Paduda: Haven Healthcare’s Demise Affords Classes for Employees’ Comp| Employees Compensation Information

By Joe Paduda

Friday, January 15, 2021 | 50 | 0 | min read

Haven Healthcare, the Amazon-JPMorgan-Berkshire Hathaway joint venture designed to reinvent healthcare, no longer exists. The drive to improve access to basic services, simplify insurance coverage and make prescription drugs more affordable ended after three years.

Joe Paduda

We don’t know why Haven is in heaven now; It could be that three of the most powerful and best-run organizations in the world have failed to figure out how to build a better health system.

Or it could be that they had different motivations, different needs, different priorities, and couldn’t figure out how to work together.
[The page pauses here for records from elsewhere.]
lemma pade_convolution:
  assumes "odd e" and "e \<le> 2 * k"
  shows "(\<Sum>t = 1..k. pade (-1) k $ t * ctilZ 4 (int e - int t)) = - (2 ^ k * ctil 4 e)"
proof -
  have "(\<Sum>t = 1..k. pade (-1) k $ t * ctilZ 4 (int e - int t))
      = (\<Sum>t = 1..k + e. pade (-1) k $ t * ctilZ 4 (int e - int t))"
    by (rule sum.mono_neutral_left) (auto simp: pade_nth_above_degree)
  also have "\<dots> = (\<Sum>t = 1..e. pade (-1) k $ t * ctilZ 4 (int e - int t))"
    by (rule sum.mono_neutral_right) (auto simp: ctilZ_def)
  also have "\<dots> = (\<Sum>t = 1..e. pade (-1) k $ t * ctil 4 (e - t))"
    by (rule sum.cong) (auto simp: ctilZ_def nat_diff_distrib simp del: ctil.simps)
  also have "\<dots> = (pade (-1) k * (ctil_fps + 1)) $ e - 2 ^ k * ctil 4 e"
    unfolding fps_mult_nth ctil_fps_plus_1_nth
    by (subst sum.atLeast_Suc_atMost) (simp_all del: ctil.simps)
  finally show ?thesis using pade_odd_nth_vanish[OF assms] by simp
qed

lemma det_single_entry_row:
  assumes A: "(A :: 'a :: comm_ring_1 mat) \<in> carrier_mat n n" and "i < n" and "j < n"
    and zero: "\<And>l. l < n \<Longrightarrow> l \<noteq> j \<Longrightarrow> A $$ (i, l) = 0"
  shows "det A = A $$ (i, j) * cofactor A i j"
proof -
  have "det A = (\<Sum>l<n. A $$ (i, l) * cofactor A i l)"
    by (rule laplace_expansion_row[OF A \<open>i < n\<close>])
  also have "\<dots> = A $$ (i, j) * cofactor A i j"
    using \<open>j < n\<close> zero by (subst sum.remove[of _ j]) (auto intro: sum.neutral)
  finally show ?thesis .
qed
text \<open>phase_aux computes the phase index of every position: greedy maximal
  segments with at most k distinct pages.\<close>

fun phase_aux :: "nat \<Rightarrow> 'a set \<Rightarrow> nat \<Rightarrow> 'a list \<Rightarrow> nat list" where
  "phase_aux k D j [] = []"
| "phase_aux k D j (r # rs) =
     (if r \<in> D \<or> card D < k then j # phase_aux k (insert r D) j rs
      else Suc j # phase_aux k {r} (Suc j) rs)"

definition phase :: "nat \<Rightarrow> 'a list \<Rightarrow> nat \<Rightarrow> nat" where
  "phase k I i = phase_aux k {} 0 I ! i"

definition pstar :: "nat \<Rightarrow> 'a list \<Rightarrow> nat \<Rightarrow> bool" where
  "pstar k I i = (\<not> (\<exists>i'<length I. phase k I i' = Suc (phase k I i) \<and> I ! i' = I ! i))"

definition counted :: "nat \<Rightarrow> 'a list \<Rightarrow> nat \<Rightarrow> bool" where
  "counted k I i = (i < length I \<and> phase k I i < phase k I (length I - 1) \<and>
     \<not> (\<exists>i'. i < i' \<and> i' < length I \<and> phase k I i' = phase k I i \<and> I ! i' = I ! i))"

definition eta :: "nat \<Rightarrow> 'a list \<Rightarrow> bool list \<Rightarrow> bool \<Rightarrow> nat" where
  "eta k I p h = card {i. counted k I i \<and> p ! i = h \<and> pstar k I i = (\<not> h)}"

end

theory Submission
  imports Defs "HOL-Analysis.Harmonic_Numbers"
begin

(* Whatever the random choices, the marked pages, the k-phases and the latest predictions evolve
   deterministically; the state of Mark&Predict differs from this skeleton only in which stale pages
   (pages of the previous phase not yet requested in the current one) are evicted.  As 1-pages are
   evicted first and 0-pages uniformly at random, the evicted stale pages are some stale 1-pages
   together with a uniformly random h-subset of the stale 0-pages, so the expected future cost is an
   average over h-subsets.  By backward induction over the request sequence this average is bounded by
   a potential: the number of future requests to new pages, the future eta_1 errors plus H_k times the
   future eta_0 errors, and the errors of the previous phase not yet paid for -- stale 1-pages that
   will still be requested, and, weighted by H_u for u stale 0-pages, stale 0-pages that will not.
   Finally, OPT faults in every two consecutive phases at least as often as there are new pages in the
   second one, so there are at most k + 2 OPT requests to new pages. *)

section \<open>Expected cost of Mark\&Predict\<close>

lemma mp_step_cost_le_1: "(s', c) \<in> set_pmf (mp_step k s x) \<Longrightarrow> c \<le> 1"
  unfolding mp_step_def by (auto simp: Let_def split: prod.splits if_splits)

lemma set_pmf_mp_run_subset: "set_pmf (mp_run k s xs) \<subseteq> {..length xs}"
proof (induction xs arbitrary: s)
  case (Cons x xs)
  then show ?case using mp_step_cost_le_1[of _ _ k s x] by (fastforce split: prod.splits)
qed simp

lemma mp_run_le_length: "n \<in> set_pmf (mp_run k s xs) \<Longrightarrow> n \<le> length xs"
  using set_pmf_mp_run_subset by fastforce

definition exp_cost :: "nat \<Rightarrow> 'a mp_state \<Rightarrow> ('a \<times> bool) list \<Rightarrow> real" where
  "exp_cost k s xs = measure_pmf.expectation (mp_run k s xs) real"

lemma exp_cost_Nil: "exp_cost k s [] = 0"
  unfolding exp_cost_def by simp

lemma exp_cost_nonneg: "0 \<le> exp_cost k s xs"
  unfolding exp_cost_def by simp

lemma integrable_mp_run: "integrable (measure_pmf (mp_run k s xs)) real"
proof (intro measure_pmf.integrable_const_bound[where B="length xs"] AE_pmfI)
  fix n assume "n \<in> set_pmf (mp_run k s xs)"
  then show "norm (real n) \<le> real (length xs)" using mp_run_le_length by simp
qed simp

lemma exp_cost_le_length: "exp_cost k s xs \<le> length xs"
  unfolding exp_cost_def
proof (rule measure_pmf.integral_le_const)
  show "AE n in measure_pmf (mp_run k s xs). real n \<le> real (length xs)"
    using mp_run_le_length by (intro AE_pmfI) simp
  show "integrable (measure_pmf (mp_run k s xs)) real"
    by (rule integrable_mp_run)
qed

lemma nn_integral_pmf_eq_expectation:
  fixes f :: "'b \<Rightarrow> real"
  assumes "\<And>x. x \<in> set_pmf M \<Longrightarrow> 0 \<le> f x \<and> f x \<le> B"
  shows "(\<integral>\<^sup>+x. ennreal (f x) \<partial>measure_pmf M) = ennreal (measure_pmf.expectation M f)"
proof (rule nn_integral_eq_integral)
  show "integrable (measure_pmf M) f"
    using assms by (intro measure_pmf.integrable_const_bound[where B=B] AE_pmfI) auto
  show "AE x in measure_pmf M. 0 \<le> f x" using assms by (intro AE_pmfI) auto
qed

text \<open>Costs are unbounded on \<open>nat\<close>, so the expectation of the bind is computed through the
  nonnegative integral, for which Fubini holds unconditionally.\<close>

lemma exp_cost_Cons:
  "exp_cost k s (x # xs) = measure_pmf.expectation (mp_step k s x) (\<lambda>(s', c). real c + exp_cost k s' xs)"
proof -
  have shift: "(\<integral>\<^sup>+n. ennreal (real n) \<partial>measure_pmf (map_pmf ((+) c) (mp_run k s' xs)))
      = ennreal (real c + exp_cost k s' xs)" for s' c
  proof -
    have "(\<integral>\<^sup>+n. ennreal (real n) \<partial>measure_pmf (map_pmf ((+) c) (mp_run k s' xs)))
        = (\<integral>\<^sup>+n. ennreal (real c + real n) \<partial>measure_pmf (mp_run k s' xs))"
      by simp
    also have "\<dots> = ennreal (measure_pmf.expectation (mp_run k s' xs) (\<lambda>n. real c + real n))"
      by (rule nn_integral_pmf_eq_expectation[where B="c + length xs"]) (auto dest!: mp_run_le_length)
    also have "\<dots> = ennreal (real c + exp_cost k s' xs)"
      unfolding exp_cost_def by (subst Bochner_Integration.integral_add) (simp_all add: integrable_mp_run)
    finally show ?thesis .
  qed
  have "ennreal (exp_cost k s (x # xs)) = (\<integral>\<^sup>+n. ennreal (real n) \<partial>measure_pmf (mp_run k s (x # xs)))"
    unfolding exp_cost_def
  proof (rule nn_integral_pmf_eq_expectation[symmetric, where B="length (x # xs)"])
    fix n assume "n \<in> set_pmf (mp_run k s (x # xs))"
    from mp_run_le_length[OF this] show "0 \<le> real n \<and> real n \<le> real (length (x # xs))" by simp
  qed
  also have "\<dots> = (\<integral>\<^sup>+z. (\<integral>\<^sup>+n. ennreal (real n)
      \<partial>measure_pmf (case z of (s', c) \<Rightarrow> map_pmf ((+) c) (mp_run k s' xs))) \<partial>measure_pmf (mp_step k s x))"
    by simp
  also have "\<dots> = (\<integral>\<^sup>+z. ennreal ((\<lambda>(s', c). real c + exp_cost k s' xs) z) \<partial>measure_pmf (mp_step k s x))"
    by (rule nn_integral_cong) (auto split: prod.splits simp: shift[simplified])
  also have "\<dots> = ennreal (measure_pmf.expectation (mp_step k s x) (\<lambda>(s', c). real c + exp_cost k s' xs))"
  proof (rule nn_integral_pmf_eq_expectation[where B="1 + length xs"], clarsimp)
    fix s' c assume "(s', c) \<in> set_pmf (mp_step k s x)"
    then show "0 \<le> real c + exp_cost k s' xs \<and> real c + exp_cost k s' xs \<le> 1 + real (length xs)"
      using mp_step_cost_le_1 exp_cost_nonneg[of k s' xs] exp_cost_le_length[of k s' xs] by fastforce
  qed
  finally show ?thesis
    by (subst (asm) ennreal_inj) (auto simp: exp_cost_nonneg intro!: Bochner_Integration.integral_nonneg)
qed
That wouldn’t be a surprise. Or that their well-known, accomplished, and brilliant CEO wasn’t an effective CEO (that’s not a slam; I’m not an operator either).

Or more likely all of the above plus more.

Anyway, it’s dead. Worker Comp Execs can learn three lessons from the failure of Haven.

CEO Atul Gawande lacked the thorough knowledge of the healthcare infrastructure, reimbursement, regulations, and management required to be successful. Gawande was a brilliant writer, insightful analyst, and a highly visible public figure. He also didn’t quit his other jobs and had no experience as CEO of a startup.

Implications

Two things: knowledge and commitment.

Do you know anyone in the workers’ association who has in-depth knowledge of the healthcare sector? Someone who understands reimbursement, infrastructure, process, the regulatory environment? Medical drives the workforce, and very few employees have this knowledge and understanding.

Many who believe they do not do it.

Then there is engagement. Gawande was committed to Haven – and frankly so were the three founding companies – just as the chicken is committed to breakfast.

If you’re looking to take on something as daunting as health care reform, the best way to do it is to devote yourself to how the pig is committed to breakfast.

Second, market share. With about 1.6 million employees and maybe 5 million policyholders, the three giants had a lot of life to cover, a lot of money to pay for healthcare (about $ 24 billion in employer bills and about $ 30 billion total). But the proverbial one-mile-long, one-deep problem meant that Haven had no local scale.

Health care is local. Institutions and medical practices want insured bodies. The more the better. Outside of a few markets where Amazon has large distribution centers, Haven didn’t have enough facilities to take advantage of big changes.

Implication: Total annual medical expenses for workers roughly match that of Haven ($ 31 billion). That’s less than 1% of US medical spending. Haven tried to use all of those dollars. It went wrong.

Unlike Haven, there are many comp networks of workers all trying to negotiate deals. The largest have potentially $ 8 billion in national spending.

These are small potatoes, in fact, just a tablespoon of hash browns.

what does that mean to you?

The workers’ comp industry cannot “solve” health care. but that is not the point.

The point is this: Organizations and leaders who know more about healthcare will be more committed to better performance and will far outperform their competitors.

Joseph Paduda is a co-owner of CompPharma, a consulting firm focused on improving pharmacy programs in employee compensation. This column is republished from his Managed Care Matters blog with his permission.